> [What you will do]:
If a line in the material below has the word "less", copy it.

> [Listed entries]:
lemma belief_margin:
  assumes "fv_bound t 0" "e \<in> E"
  shows "exp \<delta> * belief E ends B w t (e, b) (e \<notin> M) \<le> belief E ends B w t (e, b) (e \<in> M)"
proof -
  obtain p q where pV: "p \<in> V" "q \<in> V" and i: "(e, b) \<in> delta E ends p" "(e, b) \<in> delta E ends q"
    and pq: "ends e = {p, q}" "p \<noteq> q"
    and belief: "\<And>c. belief E ends B w t (e, b) c =
      exp (- w e * bval c) * (msg_fv t p (e, b) c * msg_fv t q (e, b) c)"
    by (rule belief_eq_ends[where b = b and t = t, OF assms(2)]) (rule that)
  let ?m = "\<lambda>c. msg_fv t p (e, b) c * msg_fv t q (e, b) c"
  have nonneg: "0 \<le> msg_fv t p (e, b) c" "0 \<le> msg_fv t q (e, b) c" for c
    using msgs_nonneg[OF pV(1) i(1)] msgs_nonneg[OF pV(2) i(2)] by blast+
  have reorder: "exp (s p) * x * (exp (s q) * y) = exp (s p + s q) * (x * y)" for x y
    by (simp add: exp_add algebra_simps)
  show ?thesis
  proof (cases "e \<in> M")
    case True
    have "exp (s p) * msg_fv t p (e, b) False \<le> msg_fv t p (e, b) True"
      "exp (s q) * msg_fv t q (e, b) False \<le> msg_fv t q (e, b) True"
      using assms(1) pV i True by (auto simp: fv_bound_def)
    from mult_mono[OF this nonneg(1)] nonneg(2)
    have bound: "exp (s p + s q) * ?m False \<le> ?m True" by (simp add: reorder)
    have "exp \<delta> \<le> exp (- w e) * exp (s p + s q)"
      using matched_margin[OF True pq(1,2)] by (simp flip: exp_add)
    then have "exp \<delta> * ?m False \<le> exp (- w e) * exp (s p + s q) * ?m False"
      using nonneg by (intro mult_right_mono) auto
    also have "\<dots> \<le> exp (- w e) * ?m True"
      using bound by (simp add: mult.assoc mult_left_mono)
    finally show ?thesis using True by (simp add: belief bval_def)
  next
    case False
    have "msg_fv t p (e, b) True \<le> exp (s p) * msg_fv t p (e, b) False"
      "msg_fv t q (e, b) True \<le> exp (s q) * msg_fv t q (e, b) False"
      using assms(1) pV i False by (auto simp: fv_bound_def)
    from mult_mono[OF this _ nonneg(2)] nonneg(1)
    have bound: "?m True \<le> exp (s p + s q) * ?m False" by (simp add: reorder)
    have "exp \<delta> * (exp (- w e) * ?m True) \<le> exp \<delta> * exp (- w e) * (exp (s p + s q) * ?m False)"
      using bound by (simp add: mult.assoc mult_left_mono)
    also have "\<dots> = exp (\<delta> + - w e + (s p + s q)) * ?m False"
      by (simp only: exp_add mult.assoc)
    also have "\<dots> \<le> 1 * ?m False"
      using unmatched_margin[OF assms(2) False pq(1,2)] nonneg by (intro mult_right_mono) auto
    finally show ?thesis using False by (simp add: belief bval_def)
  qed
qed

lemma bp_estimate_eq_xstar:
  assumes "fv_bound t 0" "i \<in> ddedges E"
  shows "bp_estimate E ends B w t i = Some (xstar i)"
proof -
  obtain e b where i: "i = (e, b)" "e \<in> E" using assms(2) by (auto simp: ddedges_def)
  let ?b = "belief E ends B w t (e, b)"
  have delta: "v \<in> V" "(e, b) \<in> delta E ends v" if "v \<in> ends e" for v
    using that i(2) ends_E by (auto simp: mem_delta_iff)
  have "0 < msg_fv t v (e, b) (e \<in> M)" if "v \<in> ends e" for v
    using msgs_pos_at_xstar[OF delta[OF that]] by simp
  then have pos: "0 < ?b (e \<in> M)"
    unfolding belief_def by (simp add: psi_var_def prod_pos)
  have "0 \<le> msg_fv t v (e, b) (e \<notin> M)" if "v \<in> ends e" for v
    using msgs_nonneg[OF delta[OF that]] by blast
  then have nonneg: "0 \<le> ?b (e \<notin> M)"
    unfolding belief_def by (simp add: psi_var_def prod_nonneg)
  have less: "?b (e \<notin> M) < ?b (e \<in> M)"
  proof (cases "?b (e \<notin> M) = 0")
    case False
    then have "?b (e \<notin> M) < exp \<delta> * ?b (e \<notin> M)" using nonneg margin_pos by simp
    also have "\<dots> \<le> ?b (e \<in> M)" using belief_margin[OF assms(1) i(2)] .
    finally show ?thesis .
  qed (use pos in simp)
  show ?thesis
    using less xstar_eq[OF i(2), of b] by (cases "e \<in> M") (auto simp: bp_estimate_def i(1))
qed

lemma bp_converges: "\<exists>T. \<forall>t\<ge>T. \<forall>i\<in>ddedges E. bp_estimate E ends B w t i = Some (xstar i)"
  using eventually_fv_bound_0 bp_estimate_eq_xstar by blast

end

theorem corollary1:
  fixes V :: "'v set" and E :: "'e set" and ends :: "'e \<Rightarrow> 'v set"
    and B :: "'v set" and w :: "'e \<Rightarrow> real" and xstar :: "('e \<times> bool) \<Rightarrow> real"
  assumes "finite V" and "finite E"
    and "\<forall>e \<in> E. ends e \<subseteq> V \<and> card (ends e) = 2"
    and "B \<subseteq> V"
    and "lp_optimal V E ends B w xstar"
    and "\<forall>y. lp_optimal V E ends B w y \<longrightarrow> y = xstar"
  shows "\<exists>T. \<forall>t \<ge> T. \<forall>i \<in> ddedges E. bp_estimate E ends B w t i = Some (xstar i)"
proof -
  interpret unique_lp_optimum V E ends B w xstar
    using assms by unfold_locales
  obtain s \<delta> where "dual_margin V E ends B w xstar s \<delta>"
    by (rule exists_dual_margin)
  then show ?thesis by (rule dual_margin.bp_converges)
qed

> [Exercise response]:
  have less: "?b (e \<notin> M) < ?b (e \<in> M)"
    using less xstar_eq[OF i(2), of b] by (cases "e \<in> M") (auto simp: bp_estimate_def i(1))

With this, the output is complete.